The audience here may also be wondering, well, what about all of the religious and spiritual “humanists”; shouldn’t they be allowed into the conversation as well, instead of blocked off by the presumption that “humanism” is dominated by “atheism” or “secularism”? So to be more specific, it’s rather a “secular humanism” or “atheist humanism” that you are representing, is that correct? I ask because it helps to understand your defense of Darwin’s “regrets” or “non-regrets” in our interaction. A theist defending Darwin would likely approach this feature of Darwin’s autobiography differently, as was done by several people above.

“and many others who were and are willing to test their beliefs and interact as peers with non-Christians”

This doesn’t really cover it. Interaction as peers is already common in “secular” contexts. Likely more involved is atheist humanism presupposing to require religious theists to adopt what amount to “heresies” based on loosely scientific (or “sciency”) results and mainly ideological say-so. Ideological evolutionism, beyond Darwin’s wildest dreams, has a tendency to produce such attitude and thinking, but so does historicism, if one is able to take a reflexively critical look at ideologies.

It’s been welcome to dig into Darwin’s letters a bit more in response to responses in this thread. Thankful for the discoveries there.

“I have lately read Morley’s Life of Voltaire & he insists strongly that direct attacks on Christianity (even when written with the wonderful force & vigour of Voltaire) produce little permanent effect: real good seems only to follow from slow & silent side attacks. - I have been talking on this head with Litchfield, & he strongly concurs, & insists how easily a man may for ever destroy his own influence.” - Charles Darwin to G.H. Darwin (1873) | Darwin Correspondence Project

@Peter, thank you for responding.

How can you attest to my long track record of bad deeds if you are new to the website?

The way to refute my unfounded claims is to refute them, which you have endeavored to do. Then was my turn to respond, which I have, so now it is your turn . Please do so and stop all this ad hominem.

I have been thinking that the charge that I made that you created strawman was not quite accurate. The problem is that you do not understand the nature of predation. Predation - prey is symbiosis in that culls the herd. It prevents the herd from growing so large that Malthus would be right and there is not enough food for all. Also of course Survival of the fittest is intraspecies conflict, while coevolution based on predation is interspecies.

I understand that the discussions can get a little rough. I warned you that I am not “a nice guy.” If you can not take it, then it would be best to leave. .

“it would be best to leave.”

No, Roger. Your views are simply irrelevant to science. As a non-scientist, that shouldn’t surprise you.

Well now @Gregory who made you the all-knowing authority?

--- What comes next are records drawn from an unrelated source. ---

theorem mainTheorem10:
  fixes \<alpha> T x :: real and y y1 y2 :: "real \<Rightarrow> real"
  assumes "0 < \<alpha>" "\<alpha> < 1" "0 < T" "0 < x" "x \<le> T"
    and "\<And>t. t \<in> {0..T} \<Longrightarrow> (y has_real_derivative y1 t) (at t within {0..T})"
    and "\<And>t. t \<in> {0..T} \<Longrightarrow> (y1 has_real_derivative y2 t) (at t within {0..T})"
    and "continuous_on {0..T} y2"
  shows "\<exists>C h0. 0 < h0 \<and> (\<forall>N n::nat. 2 \<le> N \<longrightarrow> real n * (T / real N) = x \<longrightarrow> T / real N < h0 \<longrightarrow>
           \<bar>(1 / (T / real N) powr \<alpha>) * (\<Sum>k=0..n. sigma_bar \<alpha> N n k * y (real (n - k) * (T / real N)))
              - caputo \<alpha> y1 x\<bar> \<le> C * (T / real N) powr (2 - \<alpha>))"
proof -
  obtain M0 where M0: "\<And>t. t \<in> {0..T} \<Longrightarrow> \<bar>y t\<bar> \<le> M0"
    using continuous_on_Icc_abs_bound[OF DERIV_continuous_on[OF assms(6)]] by blast
  obtain M2 where M2: "\<And>t. t \<in> {0..T} \<Longrightarrow> \<bar>y2 t\<bar> \<le> M2"
    using continuous_on_Icc_abs_bound[OF assms(8)] by blast
  have deriv: "(y has_real_derivative y1 t) (at t within {0..x})" if "t \<in> {0..x}" for t
    using has_field_derivative_subset[OF assms(6)] assms(5) that by auto
  have lip: "\<bar>y1 s - y1 t\<bar> \<le> M2 * \<bar>s - t\<bar>" if "s \<in> {0..x}" "t \<in> {0..x}" for s t
    using field_differentiable_bound[of "{0..T}" y1 y2 M2] assms(5,7) M2 that by auto
  have bound: "\<bar>y t\<bar> \<le> M0" if "t \<in> {0..x}" for t
    using M0 assms(5) that by auto
  obtain C where C:
    "\<And>N n h L M y y1. 2 \<le> N \<Longrightarrow> 1 \<le> n \<Longrightarrow> n \<le> N \<Longrightarrow> 0 < h \<Longrightarrow>
       (\<And>t. t \<in> {0..real n * h} \<Longrightarrow> (y has_real_derivative y1 t) (at t within {0..real n * h})) \<Longrightarrow>
       (\<And>s t. s \<in> {0..real n * h} \<Longrightarrow> t \<in> {0..real n * h} \<Longrightarrow> \<bar>y1 s - y1 t\<bar> \<le> L * \<bar>s - t\<bar>) \<Longrightarrow>
       (\<And>t. t \<in> {0..real n * h} \<Longrightarrow> \<bar>y t\<bar> \<le> M) \<Longrightarrow>
       \<bar>1 / h powr \<alpha> * (\<Sum>k=0..n. sigma_bar \<alpha> N n k * y (real (n - k) * h)) - caputo \<alpha> y1 (real n * h)\<bar>
         \<le> (C * M * (1 / (real N * h) ^ 2 + 1 / (real n * h) ^ 2) + L * (1 + 1 / (1 - \<alpha>)) / Gamma (1 - \<alpha>))
            * h powr (2 - \<alpha>)"
    using sigma_bar_scheme_error[OF assms(1,2)] by blast
  \<comment> \<open>The estimate holds for every \<open>N \<ge> 2\<close>, so any \<open>h0\<close> will do.\<close>
  show ?thesis
  proof (rule exI[of _ "C * M0 * (1 / T ^ 2 + 1 / x ^ 2) + M2 * (1 + 1 / (1 - \<alpha>)) / Gamma (1 - \<alpha>)"],
      rule exI[of _ 1], intro conjI allI impI)
    fix N n :: nat
    assume N: "2 \<le> N" and nx: "real n * (T / real N) = x"
    have "0 < T / real N" "real N * (T / real N) = T"
      using N assms(3) by auto
    from C[OF N grid_index_bounds[OF assms(4,5) nx] this(1), unfolded nx this(2)] deriv lip bound
    show "\<bar>1 / (T / real N) powr \<alpha> * (\<Sum>k=0..n. sigma_bar \<alpha> N n k * y (real (n - k) * (T / real N)))
            - caputo \<alpha> y1 x\<bar>
          \<le> (C * M0 * (1 / T ^ 2 + 1 / x ^ 2) + M2 * (1 + 1 / (1 - \<alpha>)) / Gamma (1 - \<alpha>)) * (T / real N) powr (2 - \<alpha>)"
      by blast
  qed simp
qed
(* There exists a metric measure space $\mathfrak X=(X,\rho,\mu)$, with $X$ countable and $\mu$ counting measure, such that: (i) for each $p\in(1,\infty)$ there is $C_p<\infty$ with $\|f\|_{*,p}\le C_p\|f\|_{*}$ for all $f\in{\rm BMO}(\mathfrak X)$ (so all ${\rm BMO}^p(\mathfrak X)$ coincide); (ii) there exists $g\in{\rm BMO}(\mathfrak X)$ such that for every $l\in\mathbb N$ there are an open ball $B_l\subset X$ and $\lambda_l>0$ with $\frac{|\{x\in B_l:|g(x)-g_{B_l}|>\lambda_l\}|}{|B_l|}>l\exp(-\lambda_l/l)$; in particular there are no constants $c_1,c_2>0$ with $\frac{|\{x\in B:|f(x)-f_B|>\lambda\}|}{|B|}\le c_1\exp(-c_2\lambda/\|f\|_* )$ for all $f\in{\rm BMO}(\mathfrak X)$, balls $B$ and $\lambda>0$.
   Context: For locally integrable $f$ and an open ball $B$ with $\mu(B)\in(0,\infty)$, $f_B=\mu(B)^{-1}\int_Bf\,d\mu$; $\|f\|_{*,p}=\sup_B(\mu(B)^{-1}\int_B|f-f_B|^pd\mu)^{1/p}$ over such balls, $\|f\|_*=\|f\|_{*,1}$, and ${\rm BMO}(\mathfrak X)=\{f:\|f\|_*<\infty\}$, ${\rm BMO}^p$ analogously. $|E|$ denotes $\mu(E)$. *)

theory Defs
  imports "HOL-Analysis.Analysis"
begin

text \<open>A metric space structure on a carrier set X (here X is a set of naturals,
  i.e. an arbitrary countable set up to relabelling).  The measure is the counting
  measure on X, so for finite E we have |E| = card E and integrals over a finite
  ball are finite sums.\<close>

definition metric_on :: "'a set \<Rightarrow> ('a \<Rightarrow> 'a \<Rightarrow> real) \<Rightarrow> bool" where
  "metric_on X \<rho> \<longleftrightarrow>
     (\<forall>x\<in>X. \<forall>y\<in>X. 0 \<le> \<rho> x y \<and> (\<rho> x y = 0 \<longleftrightarrow> x = y) \<and> \<rho> x y = \<rho> y x) \<and>
     (\<forall>x\<in>X. \<forall>y\<in>X. \<forall>z\<in>X. \<rho> x z \<le> \<rho> x y + \<rho> y z)"

definition oball :: "'a set \<Rightarrow> ('a \<Rightarrow> 'a \<Rightarrow> real) \<Rightarrow> 'a \<Rightarrow> real \<Rightarrow> 'a set" where
  "oball X \<rho> x r = {y\<in>X. \<rho> x y < r}"

text \<open>Open balls B with counting measure |B| in (0,\<infinity>), i.e. nonempty finite balls.\<close>
definition adm_balls :: "'a set \<Rightarrow> ('a \<Rightarrow> 'a \<Rightarrow> real) \<Rightarrow> 'a set set" where
  "adm_balls X \<rho> = {B. (\<exists>x\<in>X. \<exists>r>0. B = oball X \<rho> x r) \<and> B \<noteq> {} \<and> finite B}"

[quote=“Peter, post:132, topic:44348”]
I did not say that lives lived or still living are in reality pointless or meaningless. Learn to tell the difference between talking about how one interprets reality and what reality is.

You say that Reality is apparently cruel, empty, and a struggle, So what is it if it is not harsh?

Not me, the record, Roger. Please stop looking at me. This is not about me. Your views as a non-scientist are and remain simply irrelevant to science. So that’s how I treat them, no matter how much you implore otherwise. Yours is the kind of resume that is easy to know what to do with when it comes across the recruiter’s desk: Is the candidate qualified to pontificate about ecology due to scientific experience and knowledge, yes or no?